Growing up homeschooled quite generally means that by the time you get out into the real world, you're totally unprepared. You've been sheltered your whole life by everyone around you, regarding everything. This is especially true for the bubble in which I live. Most kids here are sheltered. The homeschooled kids are whatever's on the farthest side of sheltered - hermits, possibly?
These homeschooled kids then go straight to college, for which they are completely unprepared. They become overwhelmed by the choices and the people and it's all too much. They then do one of two things: they buckle down like the good homeschoolers that they are and get their work done and major in biochemistry and graduate at the top of their class, or they suddenly realize they never had chances like these before and drink until they can no longer stand up.
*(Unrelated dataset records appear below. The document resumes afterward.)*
lemma gap_over_step_le:
  fixes L Dl g0 Mk \<eta> T D :: real
  assumes L: "L > 0" and Dl: "Dl > 0" and g0: "g0 = 2 * Mk * L * Dl" and Mk: "0 < Mk"
    and T: "T > 0" and D: "D > 0"
    and \<eta>: "\<eta> = min (1 / (L * (2 + 4 / Mk - Mk))) (sqrt (g0 / (T * D)) / (Mk * L))"
    and T_ge: "T \<ge> (2 * L * Dl * (16 / Mk ^ 3 + 16 / Mk\<^sup>2 - 4 / Mk - 4) + g0) / D"
  shows "Dl / (\<eta> * T) \<le> sqrt (g0 * D / T) / 2"
proof (rule power2_le_imp_le)
  define c where "c = 2 + 4 / Mk - Mk"
  have S2: "(sqrt (g0 * D / T) / 2)\<^sup>2 = Mk * L * Dl * D / (2 * T)"
    using g0 L Dl Mk T D by (simp add: power_divide)
  show "(Dl / (\<eta> * T))\<^sup>2 \<le> (sqrt (g0 * D / T) / 2)\<^sup>2"
  proof (cases "\<eta> = 1 / (L * c)")
    case True
    have c2: "c\<^sup>2 / Mk = 16 / Mk ^ 3 + 16 / Mk\<^sup>2 - 4 / Mk - 4 + Mk"
      unfolding c_def using Mk by (simp add: field_simps power2_eq_square power3_eq_cube)
    have "2 * L * Dl * (16 / Mk ^ 3 + 16 / Mk\<^sup>2 - 4 / Mk - 4) + g0 \<le> T * D"
      using T_ge D by (simp add: field_simps)
    also have "2 * L * Dl * (16 / Mk ^ 3 + 16 / Mk\<^sup>2 - 4 / Mk - 4) + g0 = 2 * L * Dl * (c\<^sup>2 / Mk)"
      unfolding c2 g0 by (simp add: algebra_simps)
    finally have "2 * L * Dl * (c\<^sup>2 / Mk) \<le> T * D" .
    then have "Dl\<^sup>2 * L\<^sup>2 * c\<^sup>2 / T\<^sup>2 \<le> (L * Dl / (2 * T\<^sup>2)) * (T * D) * Mk"
      using L Dl T Mk mult_left_mono[of "2 * L * Dl * (c\<^sup>2 / Mk)" "T * D" "L * Dl * Mk / (2 * T\<^sup>2)"]
      by (simp add: field_simps power2_eq_square)
    then show ?thesis
      unfolding S2 True using L T by (simp add: field_simps power2_eq_square)
  next
    case False
    then have \<eta>2: "\<eta> = sqrt (g0 / (T * D)) / (Mk * L)" using \<eta> by (simp add: c_def min_def split: if_splits)
    have "g0 \<ge> 0" using g0 L Dl Mk by simp
    then have "(Dl / (\<eta> * T))\<^sup>2 = Dl\<^sup>2 * (Mk * L)\<^sup>2 / ((g0 / (T * D)) * T\<^sup>2)"
      unfolding \<eta>2 using Mk L T D by (simp add: power_divide power_mult_distrib field_simps)
    also have "\<dots> = (sqrt (g0 * D / T) / 2)\<^sup>2"
      unfolding S2 g0 using T D Mk L Dl by (simp add: field_simps power2_eq_square)
    finally show ?thesis by simp
  qed
qed (use g0 L Dl Mk T D in simp)

lemma corollary_parameters_pos:
  fixes L Dl g0 Mk \<eta> \<kappa> e X d s :: real and T :: nat
  assumes L: "L \<ge> 0" and Dl: "Dl > 0" and g0: "g0 \<ge> 0" and \<kappa>: "\<kappa> > 0"
    and Mk: "Mk = g0 / (2 * L * Dl)" and \<kappa>_def: "\<kappa> = Mk * L * \<eta>"
    and \<eta>: "\<eta> = min e (1 / (Mk * L) * sqrt (X / (2 * real T * d * s)))"
  shows "L > 0" and "Mk > 0" and "\<eta> > 0" and "T \<ge> 1"
proof -
  have "L \<noteq> 0" "Mk \<noteq> 0" using \<kappa> \<kappa>_def by auto
  moreover have "Mk \<ge> 0" using Mk L Dl g0 by simp
  ultimately show "L > 0" "Mk > 0" using L by auto
  then show \<eta>_pos: "\<eta> > 0"
    using \<kappa> unfolding \<kappa>_def by (metis mult_pos_pos zero_less_mult_pos)
  show "T \<ge> 1"
  proof (rule ccontr)
    assume "\<not> T \<ge> 1"
    \<comment> \<open>then the second step size divides by zero and is \<open>sqrt 0 = 0\<close>\<close>
    then have "T = 0" by simp
    then have "\<eta> \<le> 0" using \<eta> by simp
    then show False using \<eta>_pos by simp
  qed
qed

lemma disk_rate_bound:
  fixes L Dl g0 Mk \<eta> \<kappa> T D :: real
  assumes L: "L > 0" and Dl: "Dl > 0" and g0: "g0 = 2 * Mk * L * Dl" and Mk: "0 < Mk" "Mk \<le> 1"
    and T: "T \<ge> 1" and D: "D > 0"
    and \<eta>: "\<eta> = min (1 / (L * (2 + 4 / Mk - Mk))) (1 / (Mk * L) * sqrt ((2 * Mk * L * Dl + g0) / (2 * T * D)))"
    and \<kappa>: "\<kappa> = Mk * L * \<eta>"
    and T_ge: "T \<ge> (2 * L * Dl * (16 / Mk ^ 3 + 16 / Mk\<^sup>2 - 4 / Mk - 4) + g0) / D"
  shows "1 / T * (2 / \<eta> * (Dl + \<eta> / (4 * \<kappa>) * g0 + (T + 1) * (2 * (\<eta> / 2 + \<eta> / (4 * \<kappa>)) * \<kappa>\<^sup>2 * D)))
         \<le> 8 * sqrt (Mk * L * Dl * D / T)"
proof -
  define S where "S = sqrt (g0 * D / T)"
  have \<eta>': "\<eta> = min (1 / (L * (2 + 4 / Mk - Mk))) (sqrt (g0 / (T * D)) / (Mk * L))"
  proof -
    have "(2 * Mk * L * Dl + g0) / (2 * T * D) = g0 / (T * D)" using g0 T D by (simp add: field_simps)
    then show ?thesis using \<eta> by simp
  qed
  have "4 / Mk \<ge> 4" using Mk by (simp add: field_simps)
  then have "0 < L * (2 + 4 / Mk - Mk)" using L Mk by simp
  then have \<eta>_pos: "\<eta> > 0" unfolding \<eta>' using L Mk T D g0 Dl by simp
  have \<kappa>_pos: "\<kappa> > 0" unfolding \<kappa> using Mk L \<eta>_pos by simp
  have "L * \<eta> \<le> Mk / 4" using step_size_le[OF L Mk] \<eta> by simp
  then have \<kappa>_le: "\<kappa> \<le> 1 / 4" using momentum_le_quarter[OF Mk \<kappa>] by simp
  have "1 / T * (2 / \<eta> * (Dl + \<eta> / (4 * \<kappa>) * g0 + (T + 1) * (2 * (\<eta> / 2 + \<eta> / (4 * \<kappa>)) * \<kappa>\<^sup>2 * D)))
      = 3 * (Dl / (\<eta> * T)) + ((T + 1) / T) * ((2 * \<kappa>\<^sup>2 + \<kappa>) * D)"
    using \<eta>_pos \<kappa>_pos T Mk L unfolding g0 \<kappa> by (simp add: field_simps power2_eq_square)
  also have "\<dots> \<le> 3 * (S / 2) + 2 * (3 / 2 * S)"
  proof -
    have gap: "Dl / (\<eta> * T) \<le> S / 2"
      unfolding S_def using T by (intro gap_over_step_le[OF L Dl g0 Mk(1) _ D \<eta>' T_ge]) simp
    have noise: "(2 * \<kappa>\<^sup>2 + \<kappa>) * D \<le> 3 / 2 * S"
      unfolding S_def using L Mk T D g0 Dl \<eta>' \<kappa> \<kappa>_pos \<kappa>_le by (intro noise_term_le) auto
    have "(T + 1) / T \<le> 2" using T by (simp add: field_simps)
    then have "((T + 1) / T) * ((2 * \<kappa>\<^sup>2 + \<kappa>) * D) \<le> 2 * (3 / 2 * S)"
      by (rule mult_mono) (use noise \<kappa>_pos D in auto)
    then show ?thesis using gap by linarith
  qed
  also have "\<dots> = 9 / 2 * sqrt 2 * sqrt (Mk * L * Dl * D / T)"
    unfolding S_def g0 by (simp add: real_sqrt_mult[symmetric] field_simps)
  also have "\<dots> \<le> 8 * sqrt (Mk * L * Dl * D / T)"
    using real_le_lsqrt[of "16 / 9" 2] L Mk Dl D T by (intro mult_right_mono) (auto simp: power2_eq_square)
  finally show ?thesis .
qed

theorem corollary1:
  fixes N B T :: nat
    and f :: "nat \<Rightarrow> real^'n::finite \<Rightarrow> real"
    and gf :: "nat \<Rightarrow> real^'n \<Rightarrow> real^'n"
    and x0 :: "real^'n"
    and L G \<sigma>SGD \<sigma>DP C \<eta> \<kappa> \<beta> Mk M1 :: real
  defines "F \<equiv> Floss N f" and "Fs \<equiv> Fstar N f" and "d \<equiv> real CARD('n)"
  assumes N_pos: "N \<ge> 1"
    and grad: "\<And>i x. i < N \<Longrightarrow> GDERIV (f i) x :> gf i x"
    and bdd: "bdd_below (range F)"
    and gap: "F x0 > Fs"
    and A1: "\<And>i x y. i < N \<Longrightarrow> norm (gf i x - gf i y) \<le> L * norm (x - y)"
    and A2: "\<And>x. (1 / real N) * (\<Sum>i<N. (norm (gf i x - gradF N gf x))\<^sup>2) \<le> \<sigma>SGD\<^sup>2"
    and A3: "\<And>i x. i < N \<Longrightarrow> norm (gf i x) \<le> G"
    and sigDP: "\<sigma>DP > 0"
    and kap_range: "0 < \<kappa>" "\<kappa> \<le> 1"
    and C_pos: "C > 0"
    and C_ge: "C \<ge> (1 + 2 * (1 - \<kappa>) / \<kappa>) * G"
    and Mk_def: "Mk = (norm (gradF N gf x0))\<^sup>2 / (2 * L * (F x0 - Fs))"
    and Mk_le: "Mk \<le> 1"
    and eta_def: "\<eta> = min (1 / (L * (2 + 4 / Mk - Mk)))
        (1 / (Mk * L) * sqrt ((2 * Mk * L * (F x0 - Fs) + (norm (gradF N gf x0))\<^sup>2)
                               / (2 * real T * d * \<sigma>DP\<^sup>2)))"
    and kap_def: "\<kappa> = Mk * L * \<eta>"
    and beta_def: "\<beta> = (\<eta> * (1 - \<kappa>) / 2 + \<eta>\<^sup>2 * L * (1 - \<kappa>)\<^sup>2 * (1 + 4 * \<eta>\<^sup>2 * L\<^sup>2))
                    / (1 - (1 - \<kappa>)\<^sup>2 * (1 + 4 * \<eta>\<^sup>2 * L\<^sup>2))"
    and beta_le: "\<beta> \<le> 1 / (2 * Mk * L)"
    and B_ge: "real B \<ge> max 1 (2 * \<sigma>SGD\<^sup>2 / (d * \<sigma>DP\<^sup>2))"
    and cond1: "\<eta> < (1 + \<kappa>) / (2 * L * (1 + 4 * (1 - \<kappa>)\<^sup>2 * \<beta> * L))"
    and cond2: "\<kappa> > 1 - 1 / sqrt (1 + 4 * \<eta>\<^sup>2 * L\<^sup>2)"
    and M1_def: "M1 = (1 + \<kappa> - 2 * \<eta> * L) - 8 * (\<beta> + \<eta>\<^sup>2 * L) * (1 - \<kappa>)\<^sup>2 * L\<^sup>2 * \<eta>"
    and M1_pos: "M1 > 0"
    and T_ge: "real T \<ge> (2 * L * (F x0 - Fs) * (16 / Mk ^ 3 + 16 / Mk\<^sup>2 - 4 / Mk - 4)
                          + (norm (gradF N gf x0))\<^sup>2) / (d * \<sigma>DP\<^sup>2)"
  shows "(1 / real T) * (\<Sum>t\<le>T. integral\<^sup>L (omega_space N B \<sigma>DP)
            (\<lambda>\<omega>. (norm (gradF N gf (disk_x gf x0 \<eta> (-1) \<kappa> C B \<omega> t)))\<^sup>2))
         \<le> 8 * sqrt (Mk * L * (F x0 - Fs) * d * \<sigma>DP\<^sup>2 / real T)"
proof -
  define Dl g0 where "Dl = F x0 - Fs" and "g0 = (norm (gradF N gf x0))\<^sup>2"
  have Dl_pos: "Dl > 0" and g0_nonneg: "g0 \<ge> 0" using gap by (simp_all add: Dl_def g0_def)
  have "L \<ge> 0" by (rule lipschitz_family_const_nonneg[OF N_pos]) (rule A1)
  note pos = corollary_parameters_pos[OF this Dl_pos g0_nonneg kap_range(1)
      Mk_def[folded Dl_def g0_def] kap_def eta_def[folded Dl_def g0_def]]
  have g0_eq: "g0 = 2 * Mk * L * Dl" using Mk_def pos(1) Dl_pos by (simp add: Dl_def g0_def field_simps)
  have L\<eta>: "L * \<eta> \<le> Mk / 4" by (rule step_size_le[OF pos(1,2) Mk_le]) (simp add: eta_def)
  have Fs_le: "Fs \<le> Floss N f x" for x
    unfolding Fs_def Fstar_def using bdd by (intro cInf_lower) (auto simp: F_def)
  have "2 * \<sigma>SGD\<^sup>2 \<le> real B * (real CARD('n) * \<sigma>DP\<^sup>2)"
    using B_ge sigDP by (simp add: d_def field_simps)
  then interpret disk_sgd_analysis N B f gf L G \<sigma>SGD \<sigma>DP C \<eta> \<kappa> Fs "\<eta> / (4 * \<kappa>)"
    using N_pos B_ge sigDP kap_range pos(3) grad A1 A2 A3 Fs_le C_ge
      momentum_contraction[OF pos(3) kap_range(1) momentum_le_quarter[OF pos(2) Mk_le kap_def L\<eta>]]
      step_size_small[OF pos(1,2,3) kap_def L\<eta> Mk_le]
    by unfold_locales auto
  define bound where "bound = Dl + \<eta> / (4 * \<kappa>) * g0
    + (real T + 1) * (2 * (\<eta> / 2 + \<eta> / (4 * \<kappa>)) * \<kappa>\<^sup>2 * (d * \<sigma>DP\<^sup>2))"
  have sum_bound: "(\<Sum>t\<le>T. \<integral>\<omega>. (norm (gradF N gf (disk_x gf x0 \<eta> (-1) \<kappa> C B \<omega> t)))\<^sup>2 \<partial>omega_space N B \<sigma>DP)
      \<le> 2 / \<eta> * bound"
    using sum_integral_sq_grad_disk_x[of x0 "Suc T"]
    by (simp add: bound_def lessThan_Suc_atMost Dl_def g0_def F_def noise_level_def d_def mult.assoc add.commute)
  have rate: "1 / real T * (2 / \<eta> * bound) \<le> 8 * sqrt (Mk * L * Dl * (d * \<sigma>DP\<^sup>2) / real T)"
    unfolding bound_def
    by (rule disk_rate_bound[OF pos(1) Dl_pos g0_eq pos(2) Mk_le _ _ _ kap_def])
       (use pos(4) sigDP eta_def T_ge in \<open>simp_all add: Dl_def g0_def d_def mult.assoc\<close>)
  from order_trans[OF mult_left_mono[OF sum_bound] rate] show ?thesis
    by (simp add: Dl_def mult.assoc)
qed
Maybe I'm weird. I don't know. But I feel like there's a time in high school when your parents should let go enough that you can see some things for yourself. Too many homeschool parents seem to think that they went through everything you can in high school, got hurt themselves, and won't let their children get hurt the same way. Which is great, in theory. But you have to learn things for yourself, or everything's going to be tempting all the time. When you're five and learning to ride a bike, your parents keep you on training wheels for a while and then take them off, with the condition that you ride slowly and be careful on turns. But they know you won't, and you inevitably take off full-tilt one day, hit a bump and end up with some really interesting scars. And you learn to be careful, but you also learn that you can go full-tilt sometimes - you just have to watch for that particular bump.
(I'm stretching a metaphor here, but stick with me.)
Stupid things happen and you get hurt. Your parents probably did they same thing when they were learning to ride their bikes. But that doesn't mean they can just tell you about it, and then keep you away from bikes altogether. Some things have to be learned on your own, and you do eventually have to grow up.
Not everything needs to be tried full-tilt, and I'm not implying it should be. But the way to raise normal, balanced kids is not to keep them from doing absolutely anything their friends want to. Sometimes you have to learn not to stay out until 2 AM the night before a test by doing really poorly on that test. Sometimes you have to learn not to get drunk around people you don't know by seeing pictures of yourself posted on Facebook, and being made fun of for the next two weeks. Sometimes you have to get yourself out of problematic situations. It's part of growing up, and it should be done while you still have the support of being at home and being able to go home and cry and have your mom fix you ice cream.
I'm not saying parents should supply alcohol, or that they should be okay with anything their kid comes up with. But there's a point when you have to accept that your kids are essentially good kids, and that sometimes you have to let go.